US:
- The Fed hiked by 25 bps as expected and kept everything unchanged.
- Fed Chair Powell reaffirmed their data dependency and kept all the options on the table.
- Inflation expectations and CPI readings continue to show disinflation with the last two Core CPI M/M figures coming in at 0.16%.
- The US PMIs missed expectations across the board last week, while the US Jobless Claims remained solid.
- Fed Chair Powell’s speech at the Jackson Hole Symposium was mostly in line with what he said previously but he stressed on the need to be careful going forward and that continued strength in the labour market may require further rate hikes.
- The first half of the week saw US Job Openings and Consumer Confidence reports missing expectations by a big margin, followed by a miss in the US ADP data and a beat in the US Jobless Claims.
- The market doesn’t expect another hike from the Fed anymore, but a lot will depend on the data going forward.
Canada:
- The BoC hiked rates by 25 bps as expected at the last meeting as the central bank doesn’t like the persistently high underlying inflation with a tight labour market.
- In the recently released Meeting Minutes the BoC seems less in a rush to hike rates again.
- The Canadian underlying inflation data beat expectations on all measures for the June readings and last week we got another beat for the July data.
- On the labour market side, the last report showed that the unemployment rate increased once again, but the average hourly earnings surprised to the upside as well.
- The Canadian Core Retail Sales missed expectations.
- Overall, it’s a mixed picture for the BoC.
USDCAD Technical Analysis – Daily Timeframe
On the daily chart, we can see that USDCAD has been rallying non-stop for many weeks and almost reached the key 1.3664 resistance.
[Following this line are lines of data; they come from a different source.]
lemma aus_greedy_null_averages:
  fixes v :: "'i \<Rightarrow> 'a::real_normed_vector"
  assumes "asymptotically_uniformly_smooth TYPE('a)"
    and "\<And>i. norm (v i) \<le> B"
    and "\<And>N. zero_in_weak_closure (v ` avail N)"
  obtains s where "s 0 \<in> avail 0" "\<And>k. s (Suc k) \<in> avail (level (s k))"
    and "(\<lambda>K. (1 / real (Suc K)) *\<^sub>R (\<Sum>k\<le>K. v (s k))) \<longlonglongrightarrow> 0"
proof -
  obtain c G where c: "c \<longlonglongrightarrow> 0" "\<And>k. c k \<ge> 0" and G: "incseq G" "G 0 \<ge> 0" "(\<lambda>n. G n / real n) \<longlonglongrightarrow> 0"
    and step: "\<And>k x N. \<exists>i\<in>avail N. norm (x + v i) \<le> max (norm x + c k) (G k)"
    by (rule aus_greedy_step_bounds[where avail=avail, OF assms]) blast
  obtain s where s: "s 0 \<in> avail 0" "\<And>k. s (Suc k) \<in> avail (level (s k))"
    and growth: "\<And>k. norm (\<Sum>j<k. v (s j)) \<le> G k + (\<Sum>j<k. c j)"
    using greedy_sequence[where avail=avail and v=v and c=c and G=G and level=level, OF step G(1,2) c(2)]
    by blast
  have "(\<lambda>K. (1 / real (Suc K)) *\<^sub>R (\<Sum>j<Suc K. v (s j))) \<longlonglongrightarrow> 0"
    using averages_tendsto_zero_of_growth_bound[OF growth G(3) c(1)] .
  with s show thesis
    using that by (simp add: lessThan_Suc_atMost)
qed

section \<open>The Banach-Saks properties\<close>

lemma sum_lessThan_double:
  fixes f :: "nat \<Rightarrow> 'a::comm_monoid_add"
  shows "(\<Sum>j<2 * K. f j) = (\<Sum>k<K. f (2 * k) + f (Suc (2 * k)))"
  by (induction K) (simp_all add: add.assoc)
The pair has finally pulled back recently, and the price is now testing the red 21 moving average. This is where we can expect the buyers to step in again with a defined risk below the moving average to target another higher high. A break below the moving average should extend the correction towards the 1.34 handle where we will also find the broken trendline as an extra support.
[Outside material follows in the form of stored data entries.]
(* Let $\mathbb F$ be algebraically closed with $\operatorname{char}\mathbb F\ne2$, and let $a,b,c,\nu\in\mathbb F$. There exists an $\Re$-module $M_\nu(a,b,c)$ with an $\mathbb F$-basis $\{m_i\}_{i=0}^\infty$ such that $Am_i=\theta_im_i+m_{i+1}$ for all $i\ge0$, $Bm_0=\theta_0^*m_0$, $Bm_i=\theta_i^*m_i+\varphi_im_{i-1}$ for all $i\ge1$, and on which $\alpha,\beta,\delta$ act as scalar multiplication by $\zeta,\zeta^*,\eta$, respectively.
   Context: The Racah algebra $\Re$ is the unital associative $\mathbb F$-algebra with generators $A,B,C,D$ and relations $[A,B]=[B,C]=[C,A]=2D$ together with the requirement that each of $\alpha:=[A,D]+AC-BA$, $\beta:=[B,D]+BA-CB$, $\gamma:=[C,D]+CB-AC$ is central in $\Re$; $\delta:=A+B+C$. For $a,b,c,\nu\in\mathbb F$ and $i\in\mathbb Z$: $\theta_i=(a+\tfrac\nu2-i)(a+\tfrac\nu2-i+1)$, $\theta_i^*=(b+\tfrac\nu2-i)(b+\tfrac\nu2-i+1)$, $\varphi_i=i(i-\nu-1)(a+b+c+\tfrac\nu2-i+2)(a+b-c+\tfrac\nu2-i+1)$, $\zeta=(c-b)(c+b+1)(a-\tfrac\nu2)(a+\tfrac\nu2+1)$, $\zeta^*=(a-c)(a+c+1)(b-\tfrac\nu2)(b+\tfrac\nu2+1)$, $\eta=\tfrac\nu2(\tfrac\nu2+1)+a(a+1)+b(b+1)+c(c+1)$. *)

theory Defs
  imports "HOL-Computational_Algebra.Polynomial"
begin

definition alg_closed :: "'a::field itself \<Rightarrow> bool" where
  "alg_closed _ \<longleftrightarrow> (\<forall>p::'a poly. degree p \<ge> 1 \<longrightarrow> (\<exists>x. poly p x = 0))"

text \<open>F-linear endomorphisms of the vector space F[x]; F[x] has F-basis m_i = x^i = monom 1 i.\<close>
definition flin :: "('a::field poly \<Rightarrow> 'a poly) \<Rightarrow> bool" where
  "flin T \<longleftrightarrow> (\<forall>p q. T (p + q) = T p + T q) \<and> (\<forall>c p. T (smult c p) = smult c (T p))"

definition comm :: "('a::field poly \<Rightarrow> 'a poly) \<Rightarrow> ('a poly \<Rightarrow> 'a poly) \<Rightarrow> 'a poly \<Rightarrow> 'a poly" where
  "comm X Y = (\<lambda>v. X (Y v) - Y (X v))"

definition r_alpha where "r_alpha A B C D = (\<lambda>v. comm A D v + A (C v) - B (A v))"
definition r_beta  where "r_beta A B C D = (\<lambda>v. comm B D v + B (A v) - C (B v))"
definition r_gamma where "r_gamma A B C D = (\<lambda>v. comm C D v + C (B v) - A (C v))"
definition r_delta where "r_delta A B C = (\<lambda>v. A v + B v + C v)"

text \<open>(A,B,C,D) define a module structure of the Racah algebra on F[x]:
  linear operators satisfying the defining relations, where "alpha, beta, gamma central"
  means their images commute with the images of all generators.\<close>
definition racah_module ::
  "('a::field poly \<Rightarrow> 'a poly) \<Rightarrow> ('a poly \<Rightarrow> 'a poly) \<Rightarrow> ('a poly \<Rightarrow> 'a poly) \<Rightarrow> ('a poly \<Rightarrow> 'a poly) \<Rightarrow> bool" where
  "racah_module A B C D \<longleftrightarrow>
     flin A \<and> flin B \<and> flin C \<and> flin D \<and>
     comm A B = (\<lambda>v. smult 2 (D v)) \<and> comm B C = (\<lambda>v. smult 2 (D v)) \<and>
     comm C A = (\<lambda>v. smult 2 (D v)) \<and>
     (\<forall>Z \<in> {r_alpha A B C D, r_beta A B C D, r_gamma A B C D}.
        \<forall>X \<in> {A, B, C, D}. comm Z X = (\<lambda>v. 0))"

definition theta :: "'a::field \<Rightarrow> 'a \<Rightarrow> nat \<Rightarrow> 'a" where
  "theta a \<nu> i = (a + \<nu>/2 - of_nat i) * (a + \<nu>/2 - of_nat i + 1)"

definition theta_s :: "'a::field \<Rightarrow> 'a \<Rightarrow> nat \<Rightarrow> 'a" where
  "theta_s b \<nu> i = (b + \<nu>/2 - of_nat i) * (b + \<nu>/2 - of_nat i + 1)"

definition phi :: "'a::field \<Rightarrow> 'a \<Rightarrow> 'a \<Rightarrow> 'a \<Rightarrow> nat \<Rightarrow> 'a" where
  "phi a b c \<nu> i = of_nat i * (of_nat i - \<nu> - 1) * (a + b + c + \<nu>/2 - of_nat i + 2)
                   * (a + b - c + \<nu>/2 - of_nat i + 1)"

definition zeta :: "'a::field \<Rightarrow> 'a \<Rightarrow> 'a \<Rightarrow> 'a \<Rightarrow> 'a" where
  "zeta a b c \<nu> = (c - b) * (c + b + 1) * (a - \<nu>/2) * (a + \<nu>/2 + 1)"

definition zeta_s :: "'a::field \<Rightarrow> 'a \<Rightarrow> 'a \<Rightarrow> 'a \<Rightarrow> 'a" where
  "zeta_s a b c \<nu> = (a - c) * (a + c + 1) * (b - \<nu>/2) * (b + \<nu>/2 + 1)"

definition eta :: "'a::field \<Rightarrow> 'a \<Rightarrow> 'a \<Rightarrow> 'a \<Rightarrow> 'a" where
  "eta a b c \<nu> = (\<nu>/2) * (\<nu>/2 + 1) + a * (a + 1) + b * (b + 1) + c * (c + 1)"

end

theory Submission
  imports Defs
begin

text \<open>Take \<open>m\<^sub>i = x\<^sup>i\<close> in \<open>F[x]\<close>. Let \<open>A\<close> act as the diagonal operator \<open>\<theta>\<close> plus multiplication
  by \<open>x\<close>, and \<open>B\<close> as the diagonal operator \<open>\<theta>\<^sup>*\<close> plus the \<open>\<phi>\<close>-weighted shift down; put
  \<open>C = \<eta> - A - B\<close> and \<open>D = [A,B]/2\<close>. Then \<open>[A,B] = [B,C] = [C,A] = 2D\<close> holds for any two linear
  operators, and \<open>\<alpha> + \<beta> + \<gamma> = [A+B+C, D] = 0\<close>. So it only remains that \<open>\<alpha>\<close> and \<open>\<beta>\<close> act
  as the scalars \<open>\<zeta>\<close> and \<open>\<zeta>\<^sup>*\<close>; on each \<open>m\<^sub>i\<close> this is a polynomial identity in \<open>i\<close>.\<close>

lemma flin_add: "flin T \<Longrightarrow> T (p + q) = T p + T q"
  unfolding flin_def by blast

lemma flin_smult: "flin T \<Longrightarrow> T (smult c p) = smult c (T p)"
  unfolding flin_def by blast

lemma flin_zero: "flin T \<Longrightarrow> T 0 = 0"
  by (metis flin_smult smult_0_left)

lemma flin_minus: "flin T \<Longrightarrow> T (- p) = - T p"
  by (metis flin_smult smult_1_left smult_minus_left)

lemma flin_diff: "flin T \<Longrightarrow> T (p - q) = T p - T q"
  by (metis diff_conv_add_uminus flin_add flin_minus)

lemma flin_sum: "flin T \<Longrightarrow> T (sum f S) = (\<Sum>x\<in>S. T (f x))"
  by (induction S rule: infinite_finite_induct) (auto simp: flin_zero flin_add)

lemma flin_smult_op: "flin (\<lambda>v. smult z v)"
  by (simp add: flin_def smult_add_right mult.commute)

lemma flin_eq_smult_if_monom:
  assumes "flin T" and "\<And>i. T (monom 1 i) = smult z (monom 1 i)"
  shows "T p = smult z p"
proof -
  have p: "p = (\<Sum>i\<le>degree p. smult (coeff p i) (monom 1 i))"
    by (simp add: smult_monom poly_as_sum_of_monoms)
  have "T p = (\<Sum>i\<le>degree p. smult (coeff p i) (T (monom 1 i)))"
    by (subst p) (simp add: assms(1) flin_sum flin_smult)
  also have "\<dots> = (\<Sum>i\<le>degree p. smult z (smult (coeff p i) (monom 1 i)))"
    by (simp add: assms(2) mult.commute)
  also have "\<dots> = smult z p"
    by (subst (2) p) (simp add: flin_sum[OF flin_smult_op])
  finally show ?thesis .
qed

lemma comm_smult_op_left: "flin X \<Longrightarrow> comm (\<lambda>v. smult z v) X = (\<lambda>v. 0)"
  by (simp add: comm_def flin_smult)

lemma flin_r_alpha: "\<lbrakk>flin A; flin B; flin C; flin D\<rbrakk> \<Longrightarrow> flin (r_alpha A B C D)"
  by (simp add: flin_def r_alpha_def comm_def algebra_simps smult_add_right smult_diff_right)

lemma flin_r_beta: "\<lbrakk>flin A; flin B; flin C; flin D\<rbrakk> \<Longrightarrow> flin (r_beta A B C D)"
  by (simp add: flin_def r_beta_def comm_def algebra_simps smult_add_right smult_diff_right)

lemma r_alpha_add_r_beta_add_r_gamma:
  "flin D \<Longrightarrow> r_alpha A B C D v + r_beta A B C D v + r_gamma A B C D v = comm (r_delta A B C) D v"
  by (simp add: r_alpha_def r_beta_def r_gamma_def r_delta_def comm_def flin_add)

context
  fixes A B C D :: "'a::field poly \<Rightarrow> 'a poly" and e :: 'a
  assumes flin_A: "flin A" and flin_B: "flin B"
    and C_def: "C = (\<lambda>v. smult e v - A v - B v)"
    and D_def: "D = (\<lambda>v. smult (1/2) (comm A B v))"
    and two: "(2::'a) \<noteq> 0"
begin

lemma flin_C: "flin C"
  by (simp add: flin_def C_def flin_add[OF flin_A] flin_add[OF flin_B] flin_smult[OF flin_A]
      flin_smult[OF flin_B] algebra_simps smult_add_right smult_diff_right)

lemma flin_D: "flin D"
  by (simp add: flin_def D_def comm_def flin_add[OF flin_A] flin_add[OF flin_B] flin_smult[OF flin_A]
      flin_smult[OF flin_B] algebra_simps smult_add_right smult_diff_right)

lemma r_alpha_eq:
  "r_alpha A B C D v = smult (1/2) (A (A (B v)) + B (A (A v))) - A (B (A v))
     + smult e (A v) - A (A v) - A (B v) - B (A v)"
  using two by (simp add: r_alpha_def comm_def C_def D_def flin_diff[OF flin_A] flin_smult[OF flin_A]
      flin_add[OF flin_A] algebra_simps smult_add_right smult_diff_right numeral_mult_conv_smult)

lemma r_beta_eq:
  "r_beta A B C D v = B (A (B v)) - smult (1/2) (B (B (A v)) + A (B (B v)))
     + B (A v) - smult e (B v) + A (B v) + B (B v)"
  using two by (simp add: r_beta_def comm_def C_def D_def flin_diff[OF flin_B] flin_smult[OF flin_B]
      flin_add[OF flin_B] algebra_simps smult_add_right smult_diff_right numeral_mult_conv_smult)

lemma racah_module_if_scalar_alpha_beta:
  assumes alpha: "\<And>v. r_alpha A B C D v = smult z v"
    and beta: "\<And>v. r_beta A B C D v = smult z' v"
  shows "racah_module A B C D"
  unfolding racah_module_def
proof (intro conjI ballI)
  show "comm A B = (\<lambda>v. smult 2 (D v))"
    using two by (simp add: D_def)
  show "comm B C = (\<lambda>v. smult 2 (D v))" "comm C A = (\<lambda>v. smult 2 (D v))"
    using two by (auto simp: comm_def C_def D_def flin_diff[OF flin_A] flin_diff[OF flin_B]
        flin_smult[OF flin_A] flin_smult[OF flin_B])
  have "r_delta A B C = (\<lambda>v. smult e v)"
    by (simp add: r_delta_def C_def)
  then have "smult z v + smult z' v + r_gamma A B C D v = 0" for v
    using r_alpha_add_r_beta_add_r_gamma[OF flin_D, of A B C v]
    by (simp only: alpha beta comm_smult_op_left[OF flin_D])
  then have "r_gamma A B C D v = smult (- (z + z')) v" for v
    by (metis neg_eq_iff_add_eq_0 smult_add_left smult_minus_left)
  then have scalar: "r_alpha A B C D = (\<lambda>v. smult z v)" "r_beta A B C D = (\<lambda>v. smult z' v)"
      "r_gamma A B C D = (\<lambda>v. smult (- (z + z')) v)"
    using alpha beta by auto
  show "comm Z X = (\<lambda>v. 0)"
    if "Z \<in> {r_alpha A B C D, r_beta A B C D, r_gamma A B C D}" and "X \<in> {A, B, C, D}" for Z X
    using that by (auto simp: scalar comm_smult_op_left flin_A flin_B flin_C flin_D)
qed (fact flin_A flin_B flin_C flin_D)+

end

definition diag_op :: "(nat \<Rightarrow> 'a::comm_semiring_0) \<Rightarrow> 'a poly \<Rightarrow> 'a poly" where
  "diag_op f p = Abs_poly (\<lambda>n. f n * coeff p n)"

lemma coeff_diag_op [simp]: "coeff (diag_op f p) n = f n * coeff p n"
  unfolding diag_op_def by (subst coeff_Abs_poly[of "degree p"]) (auto simp: coeff_eq_0)

definition raising_op :: "(nat \<Rightarrow> 'a::comm_semiring_0) \<Rightarrow> 'a poly \<Rightarrow> 'a poly" where
  "raising_op \<theta> p = diag_op \<theta> p + pCons 0 p"

definition lowering_op :: "(nat \<Rightarrow> 'a::comm_semiring_0) \<Rightarrow> (nat \<Rightarrow> 'a) \<Rightarrow> 'a poly \<Rightarrow> 'a poly" where
  "lowering_op \<theta> \<phi> p = diag_op \<theta> p + diag_op (\<lambda>n. \<phi> (Suc n)) (poly_shift 1 p)"

lemma coeff_raising_op: "coeff (raising_op \<theta> p) n = \<theta> n * coeff p n + coeff (pCons 0 p) n"
  by (simp add: raising_op_def)

lemma coeff_lowering_op:
  "coeff (lowering_op \<theta> \<phi> p) n = \<theta> n * coeff p n + \<phi> (Suc n) * coeff p (Suc n)"
  by (simp add: lowering_op_def coeff_poly_shift)

lemma flin_raising_op: "flin (raising_op \<theta>)"
  unfolding flin_def
  by (auto simp: poly_eq_iff coeff_raising_op coeff_pCons algebra_simps split: nat.split)

lemma flin_lowering_op: "flin (lowering_op \<theta> \<phi>)"
  unfolding flin_def by (auto simp: poly_eq_iff coeff_lowering_op algebra_simps)

lemma raising_op_monom:
  "raising_op \<theta> (monom 1 i) = smult (\<theta> i) (monom 1 i) + monom 1 (Suc i)"
  by (auto simp: poly_eq_iff coeff_raising_op coeff_pCons split: nat.split)

lemma lowering_op_monom_0: "lowering_op \<theta> \<phi> (monom 1 0) = smult (\<theta> 0) (monom 1 0)"
  by (auto simp: poly_eq_iff coeff_lowering_op)

lemma lowering_op_monom_Suc:
  "lowering_op \<theta> \<phi> (monom 1 (Suc k))
     = smult (\<theta> (Suc k)) (monom 1 (Suc k)) + smult (\<phi> (Suc k)) (monom 1 k)"
  by (auto simp: poly_eq_iff coeff_lowering_op)

lemmas raising_op_linear =
  flin_add[OF flin_raising_op] flin_diff[OF flin_raising_op] flin_smult[OF flin_raising_op]

lemmas lowering_op_linear =
  flin_add[OF flin_lowering_op] flin_diff[OF flin_lowering_op] flin_smult[OF flin_lowering_op]

lemma nat_cases_0_1_SucSuc: "P 0 \<Longrightarrow> P (Suc 0) \<Longrightarrow> (\<And>k. P (Suc (Suc k))) \<Longrightarrow> P n"
  by (metis not0_implies_Suc)

lemma racah_scalar_identities_monom:
  fixes a b c \<nu> :: "'a::field" and i :: nat
  assumes two: "(2::'a) \<noteq> 0"
  defines "A \<equiv> raising_op (theta a \<nu>)" and "B \<equiv> lowering_op (theta_s b \<nu>) (phi a b c \<nu>)"
    and "m \<equiv> monom 1 i"
  shows "smult (1/2) (A (A (B m)) + B (A (A m))) - A (B (A m))
      + smult (eta a b c \<nu>) (A m) - A (A m) - A (B m) - B (A m) = smult (zeta a b c \<nu>) m
    \<and> B (A (B m)) - smult (1/2) (B (B (A m)) + A (B (B m)))
      + B (A m) - smult (eta a b c \<nu>) (B m) + A (B m) + B (B m) = smult (zeta_s a b c \<nu>) m"
proof -
  txt \<open>The method \<open>algebra\<close> works in commutative rings, so \<open>1/2\<close> and \<open>\<nu>/2\<close> are traded for
    \<open>q\<close> with \<open>2q = 1\<close> and \<open>h\<close> with \<open>\<nu> = 2h\<close>.\<close>
  define h where "h = \<nu>/2"
  define q :: 'a where "q = 1/2"
  have nu: "\<nu> = 2*h" and h: "\<nu>/2 = h" using two by (simp_all add: h_def)
  have q: "1/2 = q" "2*q = 1" using two by (simp_all add: q_def)
  show ?thesis
    unfolding m_def A_def B_def q(1)
    apply (induction i rule: nat_cases_0_1_SucSuc)
      apply (simp_all only: raising_op_linear lowering_op_linear raising_op_monom lowering_op_monom_0
        lowering_op_monom_Suc)
      apply (auto simp: two poly_eq_iff coeff_pCons split: nat.split if_splits)
     apply (unfold theta_def theta_s_def phi_def zeta_def zeta_s_def eta_def h)
     apply (unfold nu of_nat_Suc of_nat_0)
    using q(2) apply algebra+
    done
qed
USDCAD Technical Analysis – 4 hour Timeframe
On the 4 hour chart, we can see that we’ve been diverging with the MACD for a long time and this is generally a sign of weakening momentum often followed by pullbacks or reversals. In this case, the break below the trendline opened the door for a reversal but the pair will need to break through the support around the 1.35 handle first. In fact, this is where we can expect the buyers to step in with a defined risk below the support to position for another rally.
USDCAD Technical Analysis – 1 hour Timeframe
On the 1 hour chart, we can see that we have another divergence right at the support. This should be another confirmation that a bounce is indeed in the cards and the next target should be the 1.3553 resistance. That’s where the sellers should pile in with a defined risk above the resistance and target a break below the 1.35 support. If the price breaks above the resistance, the buyers will regain control and the pair will likely surge to new highs.
Upcoming Events
Today the market will be focused on the main release of the week: the US NFP report. We will also have the US ISM Manufacturing PMI an hour and a half later, but the labour market data is the priority right now. A bad reading is likely to weaken the US Dollar in the short term, but if the data is really bad, the market may start to fear the recession and the greenback should come back soon after. A good reading is likely to be linked with the soft-landing scenario and might be bearish for the USD as well. Overall, it’s a mixed picture at the moment as the Fed is expected to pause at the September meeting and we might get much worse economic data before the next meeting in November.